Add a Review

  • vam-vm16 April 2020
    This 2 part series from Sweden was a surprising little gem. Very clever story telling choice. Reminiscent of Guy Ritchie's "Lock Stock and Two Smoking Barrels" in the way the various characters converge toward the end. An interesting look at Sweden's immigrant population and the corruption that big cities are victims of. This series deserves to be seen by a larger audience.
  • Warning: Spoilers
    I liked the array of different characters in the show and they were well performed. Aliette Opheim does a great job, as do the other actors. The story line was interesting, entertaining, and believable until the end. The ending begs the question, "Why did Sebbe and Laila need to go to all that trouble allowing Sebbe to get caught by the police in the beginning? At that point they could have split to Morocco.

    Further, imagine that the female cop doesn't stop the elevator? Game over. No, the incredulous surprise ending doesn't work.
  • Warning: Spoilers
    Comparisons with Guy Ritchie films are apt, except that this film lacks the energy, music and humor. It's much choppier, and not all of the incoherence seems intentional. But it's really a rip-off of The Usual Suspects, and I think most people will recognize "Keyser Sose" almost immediately.

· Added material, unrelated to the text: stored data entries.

(* If $\Gamma$ is a symmetric bimatrix game with $m=2$ strategies per player, then $\mathrm{conv}(\mathrm{Nash}_{\mathrm{sym}}(\Gamma))=\mathrm{XE}_{\mathrm{sym}}(\Gamma)$.
   Context: A symmetric bimatrix game: two players with the same finite strategy set $C_1$ and utilities with $u_1(s_1,s_2)=u_2(s_2,s_1)$. Distributions on $C_1\times C_1$ are identified with nonnegative matrices summing to one. A correlated equilibrium is a distribution $\pi$ with $\sum_{s_{-i}}[u_i(t_i,s_{-i})-u_i(s)]\pi(s)\le0$ for each player $i$ and all $s_i,t_i$. $\mathrm{Nash}_{\mathrm{sym}}(\Gamma)$ is the set of symmetric Nash equilibria, viewed as matrices $xx^T$ ($x$ a probability vector) that are correlated equilibria. $\mathrm{XE}_{\mathrm{sym}}(\Gamma)$ (exchangeable equilibria) is the set of correlated equilibria lying in $\mathrm{conv}\{xx^T:x\text{ a probability vector on }C_1\}$. *)

theory Defs
  imports "HOL-Analysis.Analysis"
begin

text \<open>The game is given by player 1's utility u, u1(s1,s2) = u s1 s2; player 2's
  utility is then forced by symmetry: u2(s1,s2) = u1(s2,s1) = u s2 s1.
  Distributions on C1 x C1 are matrices P :: real^'a^'a, entry P$s1$s2.\<close>

definition util1 :: "('a \<Rightarrow> 'a \<Rightarrow> real) \<Rightarrow> 'a \<Rightarrow> 'a \<Rightarrow> real" where
  "util1 u s1 s2 = u s1 s2"

definition util2 :: "('a \<Rightarrow> 'a \<Rightarrow> real) \<Rightarrow> 'a \<Rightarrow> 'a \<Rightarrow> real" where
  "util2 u s1 s2 = u s2 s1"

definition prob_vec :: "real^'a::finite \<Rightarrow> bool" where
  "prob_vec x \<longleftrightarrow> (\<forall>i. 0 \<le> x$i) \<and> (\<Sum>i\<in>UNIV. x$i) = 1"

definition distribution :: "real^'a::finite^'a \<Rightarrow> bool" where
  "distribution P \<longleftrightarrow> (\<forall>i j. 0 \<le> P$i$j) \<and> (\<Sum>i\<in>UNIV. \<Sum>j\<in>UNIV. P$i$j) = 1"

definition outer_self :: "real^'a::finite \<Rightarrow> real^'a^'a" where
  "outer_self x = (\<chi> i j. x$i * x$j)"

definition correlated_eq :: "('a::finite \<Rightarrow> 'a \<Rightarrow> real) \<Rightarrow> real^'a^'a \<Rightarrow> bool" where
  "correlated_eq u P \<longleftrightarrow> distribution P \<and>
     (\<forall>s1 t1. (\<Sum>s2\<in>UNIV. (util1 u t1 s2 - util1 u s1 s2) * P$s1$s2) \<le> 0) \<and>
     (\<forall>s2 t2. (\<Sum>s1\<in>UNIV. (util2 u s1 t2 - util2 u s1 s2) * P$s1$s2) \<le> 0)"

definition Nash_sym :: "('a::finite \<Rightarrow> 'a \<Rightarrow> real) \<Rightarrow> (real^'a^'a) set" where
  "Nash_sym u = {outer_self x | x. prob_vec x \<and> correlated_eq u (outer_self x)}"

definition XE_sym :: "('a::finite \<Rightarrow> 'a \<Rightarrow> real) \<Rightarrow> (real^'a^'a) set" where
  "XE_sym u = {P. correlated_eq u P \<and> P \<in> convex hull {outer_self x | x. prob_vec x}}"

end

theory Submission
  imports Defs
begin

text \<open>Every point of the convex hull of the matrices \<open>x x\<^sup>T\<close> is symmetric and positive
  semidefinite; for two strategies it is \<open>[[a, c], [c, b]]\<close> with \<open>c\<^sup>2 \<le> a b\<close>, and the
  correlated-equilibrium constraints become two linear inequalities in the gains \<open>g\<^sub>0, g\<^sub>1\<close>
  of deviating to the second strategy against each pure strategy. If \<open>c = 0\<close>, the
  distribution mixes the two pure symmetric profiles and gives positive weight only to those
  that are equilibria. If \<open>c > 0\<close> and the game is not trivial, \<open>g\<^sub>0\<close> and \<open>g\<^sub>1\<close> have
  opposite signs, so there is a mixed symmetric equilibrium \<open>m\<close>, and the distribution is
  \<open>\<alpha> m m\<^sup>T + \<beta> e\<^sub>0 e\<^sub>0\<^sup>T + \<gamma> e\<^sub>1 e\<^sub>1\<^sup>T\<close> with \<open>\<beta>, \<gamma> \<ge> 0\<close>: in a coordination game both pure
  profiles are equilibria, and in an anti-coordination game positive semidefiniteness forces
  \<open>\<beta> = \<gamma> = 0\<close>.\<close>

definition positive_semidefinite :: "real^'n^'n \<Rightarrow> bool" where
  "positive_semidefinite P \<longleftrightarrow> (\<forall>v. 0 \<le> v \<bullet> (P *v v))"

lemma convex_symmetric_positive_semidefinite:
  "convex {P::real^'n^'n. transpose P = P \<and> positive_semidefinite P}"
proof (rule convexI)
  fix X Y :: "real^'n^'n" and a b :: real
  assume "X \<in> {P. transpose P = P \<and> positive_semidefinite P}"
    and "Y \<in> {P. transpose P = P \<and> positive_semidefinite P}"
    and "0 \<le> a" "0 \<le> b" "a + b = 1"
  then show "a *\<^sub>R X + b *\<^sub>R Y \<in> {P. transpose P = P \<and> positive_semidefinite P}"
    by (auto simp: positive_semidefinite_def transpose_def vec_eq_iff matrix_vector_mult_add_rdistrib
        scaleR_matrix_vector_assoc[symmetric] inner_add_right)
qed

lemma outer_self_nth [simp]: "outer_self x $ i $ j = x$i * x$j"
  by (simp add: outer_self_def)

lemma outer_self_mult_vec: "outer_self x *v v = (x \<bullet> v) *\<^sub>R x"
  by (simp add: vec_eq_iff outer_self_def matrix_vector_mult_def inner_vec_def sum_distrib_left
      algebra_simps)

lemma symmetric_positive_semidefinite_outer_self:
  "transpose (outer_self x) = outer_self x \<and> positive_semidefinite (outer_self x)"
  by (simp add: positive_semidefinite_def outer_self_mult_vec inner_commute)
    (simp add: transpose_def outer_self_def vec_eq_iff mult.commute)

lemma symmetric_positive_semidefinite_if_in_convex_hull_outer_self:
  assumes "P \<in> convex hull {outer_self x | x. prob_vec x}"
  shows "transpose P = P \<and> positive_semidefinite P"
proof -
  have "convex hull {outer_self x | x. prob_vec x} \<subseteq> {P. transpose P = P \<and> positive_semidefinite P}"
    using symmetric_positive_semidefinite_outer_self
    by (intro hull_minimal convex_symmetric_positive_semidefinite) auto
  then show ?thesis using assms by blast
qed

lemma convex_correlated_eq: "convex {P. correlated_eq u P}"
proof (rule convexI)
  fix X Y :: "real^'a^'a" and a b :: real
  assume X: "X \<in> {P. correlated_eq u P}" and Y: "Y \<in> {P. correlated_eq u P}"
    and ab: "0 \<le> a" "0 \<le> b" "a + b = 1"
  have lin: "(\<Sum>s\<in>UNIV. f s * (a * g s + b * h s))
      = a * (\<Sum>s\<in>UNIV. f s * g s) + b * (\<Sum>s\<in>UNIV. f s * h s)" for f g h :: "'a \<Rightarrow> real"
    by (simp add: algebra_simps sum.distrib sum_distrib_left)
  have "(\<Sum>i\<in>UNIV. \<Sum>j\<in>UNIV. a * X$i$j + b * Y$i$j)
      = a * (\<Sum>i\<in>UNIV. \<Sum>j\<in>UNIV. X$i$j) + b * (\<Sum>i\<in>UNIV. \<Sum>j\<in>UNIV. Y$i$j)"
    by (simp add: sum.distrib sum_distrib_left)
  then show "a *\<^sub>R X + b *\<^sub>R Y \<in> {P. correlated_eq u P}"
    using X Y ab unfolding mem_Collect_eq correlated_eq_def distribution_def
    by (simp add: lin mult_nonneg_nonpos add_nonpos_nonpos)
qed

lemma convex_XE_sym: "convex (XE_sym u)"
proof -
  have "XE_sym u = {P. correlated_eq u P} \<inter> convex hull {outer_self x | x. prob_vec x}"
    unfolding XE_sym_def by blast
  then show ?thesis by (simp add: convex_Int convex_correlated_eq)
qed

lemma Nash_sym_subset_XE_sym: "Nash_sym u \<subseteq> XE_sym u"
  unfolding Nash_sym_def XE_sym_def by (auto intro: hull_inc)

lemma convex_hull_Nash_sym_subset_XE_sym: "convex hull Nash_sym u \<subseteq> XE_sym u"
  by (intro hull_minimal Nash_sym_subset_XE_sym convex_XE_sym)

lemma nonneg_quadratic_form_imp_det_nonneg:
  fixes a b c :: real
  assumes "\<And>s t. 0 \<le> s * s * a + 2 * s * t * c + t * t * b"
  shows "c\<^sup>2 \<le> a * b"
proof -
  have "0 \<le> (a + b) * (a * b - c\<^sup>2)"
    using assms[of c "-a"] assms[of b "-c"] by (simp add: algebra_simps power2_eq_square)
  moreover have "0 \<le> a" "0 \<le> b" "\<bar>2 * c\<bar> \<le> a + b"
    using assms[of 1 0] assms[of 0 1] assms[of 1 1] assms[of 1 "-1"] by simp_all
  ultimately show ?thesis
    by (cases "a + b = 0") (simp_all add: zero_le_mult_iff)
qed

lemma opposite_signs_if_off_diagonal_pos:
  fixes a b c g0 g1 :: real
  assumes "0 < c" "c\<^sup>2 \<le> a * b" "0 \<le> a" "0 \<le> b"
    "g0 * a + g1 * c \<le> 0" "0 \<le> g0 * c + g1 * b" "g0 \<noteq> 0 \<or> g1 \<noteq> 0"
  shows "g0 * g1 < 0"
proof -
  have "0 < a * b" using assms(1,2) by (meson order_less_le_trans zero_less_power)
  then have a: "0 < a" and b: "0 < b" using assms(3,4) by (auto simp: zero_less_mult_iff)
  show ?thesis
  proof (cases "0 \<le> g0")
    case True
    have "0 \<le> g0 * a" using True a by simp
    then have "g1 * c \<le> 0" using assms(5) by simp
    then have "g1 \<le> 0" using assms(1) by (simp add: mult_le_0_iff)
    moreover have "g1 \<noteq> 0"
    proof
      assume "g1 = 0"
      then have "g0 * a \<le> 0" using assms(5) by simp
      then have "g0 = 0" using True a by (simp add: mult_le_0_iff)
      then show False using assms(7) \<open>g1 = 0\<close> by simp
    qed
    ultimately have "g1 < 0" by simp
    then have "g1 * b < 0" using b by (simp add: mult_neg_pos)
    then have "0 < g0 * c" using assms(6) by simp
    then have "0 < g0" using assms(1) by (simp add: zero_less_mult_iff)
    then show ?thesis using \<open>g1 < 0\<close> by (simp add: mult_pos_neg)
  next
    case False
    then have "g0 * c < 0" using assms(1) by (simp add: mult_neg_pos)
    then have "0 < g1 * b" using assms(6) by simp
    then have "0 < g1" using b by (simp add: zero_less_mult_iff)
    then show ?thesis using False by (simp add: mult_neg_pos)
  qed
qed

lemma nonneg_pair_if_positive_combination_nonneg:
  fixes x y s t S :: real
  assumes "0 < s" "0 < t" "0 \<le> s * x + t * y" "0 \<le> S * x" "0 \<le> S * y" "S \<noteq> 0"
  shows "0 \<le> x" "0 \<le> y" "S < 0 \<Longrightarrow> x = 0 \<and> y = 0"
proof -
  have "x = 0 \<and> y = 0" if "S < 0"
  proof -
    have "x \<le> 0" "y \<le> 0" using assms(4,5) that by (simp_all add: zero_le_mult_iff)
    then have "s * x \<le> 0" "t * y \<le> 0" using assms(1,2) by (simp_all add: mult_nonneg_nonpos)
    then have "s * x = 0" "t * y = 0" using assms(3) by linarith+
    then show ?thesis using assms(1,2) by simp
  qed
  moreover have "0 \<le> x \<and> 0 \<le> y" if "0 < S" using assms(4,5) that by (simp add: zero_le_mult_iff)
  ultimately show "0 \<le> x" "0 \<le> y" "S < 0 \<Longrightarrow> x = 0 \<and> y = 0" using assms(6) by fastforce+
qed

lemma convex_hull_3_supported:
  assumes "0 \<le> \<alpha>" "0 \<le> \<beta>" "0 \<le> \<gamma>" "\<alpha> + \<beta> + \<gamma> = 1"
    and "0 < \<alpha> \<Longrightarrow> x \<in> S" "0 < \<beta> \<Longrightarrow> y \<in> S" "0 < \<gamma> \<Longrightarrow> z \<in> S"
  shows "\<alpha> *\<^sub>R x + \<beta> *\<^sub>R y + \<gamma> *\<^sub>R z \<in> convex hull S"
proof -
  have "0 < \<alpha> \<or> 0 < \<beta> \<or> 0 < \<gamma>" using assms(1-4) by linarith
  then obtain w where "w \<in> S" using assms(5-7) by blast
  \<comment> \<open>A point with weight zero may be replaced by any point of \<open>S\<close>.\<close>
  define pick where "pick c v = (if 0 < c then v else w)" for c :: real and v
  have pick: "pick \<alpha> x \<in> S" "pick \<beta> y \<in> S" "pick \<gamma> z \<in> S"
    using \<open>w \<in> S\<close> assms(5-7) by (simp_all add: pick_def)
  have scale: "c *\<^sub>R v = c *\<^sub>R pick c v" if "0 \<le> c" for c v
    using that by (cases "c = 0") (simp_all add: pick_def)
  have "\<alpha> *\<^sub>R pick \<alpha> x + \<beta> *\<^sub>R pick \<beta> y + \<gamma> *\<^sub>R pick \<gamma> z \<in> convex hull {pick \<alpha> x, pick \<beta> y, pick \<gamma> z}"
    unfolding convex_hull_3 using assms(1-4) by blast
  also have "\<dots> \<subseteq> convex hull S"
    using pick by (intro hull_mono) auto
  finally show ?thesis using scale assms(1-3) by metis
qed

locale two_strategies =
  fixes s0 s1 :: "'a::finite"
  assumes UNIV_eq: "UNIV = {s0, s1}" and distinct: "s0 \<noteq> s1"
begin

lemma sum_UNIV: "sum f UNIV = f s0 + f s1"
  using distinct by (simp add: UNIV_eq)

lemma all_UNIV: "(\<forall>s. Q s) \<longleftrightarrow> Q s0 \<and> Q s1"
  by (metis UNIV_I UNIV_eq insertE singletonD)

definition gain :: "('a \<Rightarrow> 'a \<Rightarrow> real) \<Rightarrow> 'a \<Rightarrow> real" where
  "gain u s = u s1 s - u s0 s"

lemma correlated_eq_symmetric_iff:
  assumes "P$s1$s0 = P$s0$s1"
  shows "correlated_eq u P \<longleftrightarrow> 0 \<le> P$s0$s0 \<and> 0 \<le> P$s0$s1 \<and> 0 \<le> P$s1$s1
    \<and> P$s0$s0 + 2 * P$s0$s1 + P$s1$s1 = 1
    \<and> gain u s0 * P$s0$s0 + gain u s1 * P$s0$s1 \<le> 0
    \<and> 0 \<le> gain u s0 * P$s0$s1 + gain u s1 * P$s1$s1"
  using assms
  unfolding correlated_eq_def distribution_def util1_def util2_def gain_def sum_UNIV all_UNIV
  by (auto simp: algebra_simps)

definition mixed :: "real \<Rightarrow> real^'a" where
  "mixed p = (\<chi> s. if s = s0 then p else 1 - p)"

lemma mixed_nth [simp]: "mixed p $ s0 = p" "mixed p $ s1 = 1 - p"
  using distinct by (simp_all add: mixed_def)

lemma prob_vec_mixed: "0 \<le> p \<Longrightarrow> p \<le> 1 \<Longrightarrow> prob_vec (mixed p)"
  unfolding prob_vec_def sum_UNIV all_UNIV by simp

    There's also a pretentious political message, explicit in the opening credits- that plutocrats run everything and abuse the "dogs" of society, especially immigrants. Except that the "plutocrats" here are a bunch of gangsters, an inept banker and a corrupt real estate developer, and they abuse each other as well as those beneath them. Not a very convincing indictment of society.

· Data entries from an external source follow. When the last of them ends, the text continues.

lemma P_operator_adj_op:
  assumes G: "fin_graph n E" "regular n E d" and "0 < d" "0 < n"
  shows "P_operator (uniform_count_measure {..<n}) (adj_op n E d)"
  unfolding P_operator_def
proof (intro conjI allI impI exI[of _ 1])
  fix g h :: "nat \<Rightarrow> real" and \<alpha> \<beta> :: real
  show "AE x in uniform_count_measure {..<n}.
      adj_op n E d (\<lambda>y. \<alpha> * g y + \<beta> * h y) x = \<alpha> * adj_op n E d g x + \<beta> * adj_op n E d h x"
    by (simp add: adj_op_linear)
next
  fix g :: "nat \<Rightarrow> real" assume g: "\<forall>x\<in>space (uniform_count_measure {..<n}). \<bar>g x\<bar> \<le> 1"
  interpret prob_space "uniform_count_measure {..<n}"
    using \<open>0 < n\<close> by (intro prob_space_uniform_count_measure) auto
  have bound: "\<forall>x\<in>space (uniform_count_measure {..<n}). \<bar>adj_op n E d g x\<bar> \<le> 1"
    using g abs_adj_op_le_1[OF G \<open>0 < d\<close>] by (simp add: space_uniform_count_measure)
  have meas: "adj_op n E d g \<in> borel_measurable (uniform_count_measure {..<n})"
    by (simp add: measurable_count_space_eq1 measurable_cong_sets[OF sets_uniform_count_measure_count_space refl])
  show "integrable (uniform_count_measure {..<n}) (adj_op n E d g)"
    using bound by (intro integrable_const_bound[OF _ meas, where B=1] AE_I2) simp
  then have "(\<integral>x. \<bar>adj_op n E d g x\<bar> \<partial>uniform_count_measure {..<n}) \<le> (\<integral>x. 1 \<partial>uniform_count_measure {..<n})"
    using bound by (intro integral_mono) auto
  then show "(\<integral>x. \<bar>adj_op n E d g x\<bar> \<partial>uniform_count_measure {..<n}) \<le> 1"
    using prob_space by simp
qed

lemma sum_card_Int_nbrs:
  assumes G: "fin_graph n E" "regular n E d"
  shows "(\<Sum>c<n. card (T \<inter> nbrs n E c)) = d * card (T \<inter> {..<n})"
proof -
  have "(\<Sum>c<n. card (T \<inter> nbrs n E c)) = (\<Sum>c<n. \<Sum>t\<in>T \<inter> {..<n}. if E c t then 1 else 0)"
  proof (rule sum.cong[OF refl])
    fix c
    have "T \<inter> nbrs n E c = {t \<in> T \<inter> {..<n}. E c t}" unfolding nbrs_def by auto
    then show "card (T \<inter> nbrs n E c) = (\<Sum>t\<in>T \<inter> {..<n}. if E c t then 1 else 0)"
      by (simp add: sum.inter_filter[symmetric])
  qed
  also have "\<dots> = (\<Sum>t\<in>T \<inter> {..<n}. \<Sum>c<n. if E c t then 1 else 0)"
    by (rule sum.swap)
  also have "\<dots> = (\<Sum>t\<in>T \<inter> {..<n}. d)"
  proof (rule sum.cong[OF refl])
    fix t assume "t \<in> T \<inter> {..<n}"
    then have "card (nbrs n E t) = d" by (intro card_nbrs[OF G(2)]) auto
    moreover have "nbrs n E t = {c \<in> {..<n}. E c t}" using nbrs_eq_in_edges[OF G(1)] by auto
    ultimately have "card {c \<in> {..<n}. E c t} = d" by simp
    then show "(\<Sum>c<n. if E c t then 1 else 0) = d" by (simp add: sum.inter_filter[symmetric])
  qed
  finally show ?thesis by simp
qed

lemma integral_uniform_nbrs:
  assumes G: "fin_graph n E" "regular n E d" and "0 < d" "c < n"
  shows "(\<integral>y. u y \<partial>uniform_measure (count_space {..<n}) (nbrs n E c)) = adj_op n E d u c"
proof -
  let ?N = "nbrs n E c"
  have "emeasure (count_space {..<n}) ?N = d"
    using card_nbrs[OF G(2) \<open>c < n\<close>] nbrs_subset finite_nbrs by (simp add: emeasure_count_space_finite)
  moreover have "1 / ennreal (real d) = ennreal (1 / real d)"
    using divide_ennreal[of 1 "real d"] \<open>0 < d\<close> by simp
  ultimately have "uniform_measure (count_space {..<n}) ?N = density (count_space {..<n}) (\<lambda>j. ennreal (indicator ?N j / d))"
    unfolding uniform_measure_def using \<open>0 < d\<close>
    by (intro density_cong) (auto simp: indicator_def divide_ennreal ennreal_of_nat_eq_real_of_nat)
  then have "(\<integral>y. u y \<partial>uniform_measure (count_space {..<n}) ?N)
      = (\<integral>j. (indicator ?N j / d) *\<^sub>R u j \<partial>count_space {..<n})"
    by (simp only:) (rule integral_density, auto)
  also have "\<dots> = (\<Sum>j<n. u j * indicator ?N j) / d"
    by (simp add: lebesgue_integral_count_space_finite sum_divide_distrib mult.commute)
  also have "(\<Sum>j<n. u j * indicator ?N j) = (\<Sum>j<n. if j \<in> ?N then u j else 0)"
    by (intro sum.cong) (auto simp: indicator_def)
  also have "\<dots> = sum u ({..<n} \<inter> ?N)" by (rule sum.inter_restrict[symmetric]) simp
  also have "{..<n} \<inter> ?N = ?N" using nbrs_subset[of n E c] by blast
  finally show ?thesis using adj_op_eq_sum_nbrs[OF G(1)] by simp
qed

section \<open>Cylinder sets of an inverse limit\<close>

lemma measurable_coord_borel: "(\<lambda>x::nat \<Rightarrow> nat. x i) \<in> measurable borel (count_space UNIV)"
proof -
  have "(\<lambda>x::nat \<Rightarrow> nat. x i) \<in> measurable (Pi\<^sub>M UNIV (\<lambda>_. borel)) borel"
    by (rule measurable_component_singleton) simp
  then show ?thesis
    using measurable_cong_sets[OF sets_PiM_equal_borel refl] measurable_cong_sets[OF refl sets_borel_eq_count_space]
    by blast
qed

lemma coord_set_in_borel: "{x::nat \<Rightarrow> nat. x i \<in> T} \<in> sets borel"
  using measurable_sets[OF measurable_coord_borel, of T] by (simp add: vimage_def)

lemma inv_limit_in_borel: "inv_limit n f \<in> sets borel"
proof -
  have "inv_limit n f = (\<Inter>i. {x. x i \<in> {..<n i}} \<inter> (\<Union>c. {x. x (Suc i) \<in> {c}} \<inter> {x. x i \<in> {f i c}}))"
  proof (rule set_eqI)
    fix x :: "nat \<Rightarrow> nat"
    have "x \<in> (\<Union>c. {x. x (Suc i) \<in> {c}} \<inter> {x. x i \<in> {f i c}}) \<longleftrightarrow> f i (x (Suc i)) = x i" for i
      by auto
    then show "x \<in> inv_limit n f \<longleftrightarrow> x \<in> (\<Inter>i. {x. x i \<in> {..<n i}} \<inter> (\<Union>c. {x. x (Suc i) \<in> {c}} \<inter> {x. x i \<in> {f i c}}))"
      unfolding inv_limit_def by simp
  qed
  also have "\<dots> \<in> sets borel"
    by (intro sets.countable_INT' sets.countable_UN' sets.Int coord_set_in_borel) auto
  finally show ?thesis .
qed

definition inv_limit_cyl :: "(nat \<Rightarrow> nat) \<Rightarrow> (nat \<Rightarrow> nat \<Rightarrow> nat) \<Rightarrow> nat \<Rightarrow> nat set \<Rightarrow> (nat \<Rightarrow> nat) set" where
  "inv_limit_cyl n f i T = {x \<in> inv_limit n f. x i \<in> T}"

definition inv_limit_cyls :: "(nat \<Rightarrow> nat) \<Rightarrow> (nat \<Rightarrow> nat \<Rightarrow> nat) \<Rightarrow> (nat \<Rightarrow> nat) set set" where
  "inv_limit_cyls n f = {inv_limit_cyl n f i T | i T. True}"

    In the final scene, the explanation that the two embezzlers did it all so they could embark on a Robin Hood-like distribution of their take, and that theirs is the only way, is a childish afterthought.
  • Warning: Spoilers
    Sometimes washing out the color in a film's imaging can age impact to the story and setting, but that is often when shot selections and the environments photographed contribute as well - not so here. As for the story, it seems that 2/3 of the story was also washed out and tiresome, and things only picked up in the final hour of this 3 hour movie. There's a touch of The Usual Suspects idea going on here, but it is awkwardly tacked on at the end as a means to make up for wasting 3 hours of your life. Pass.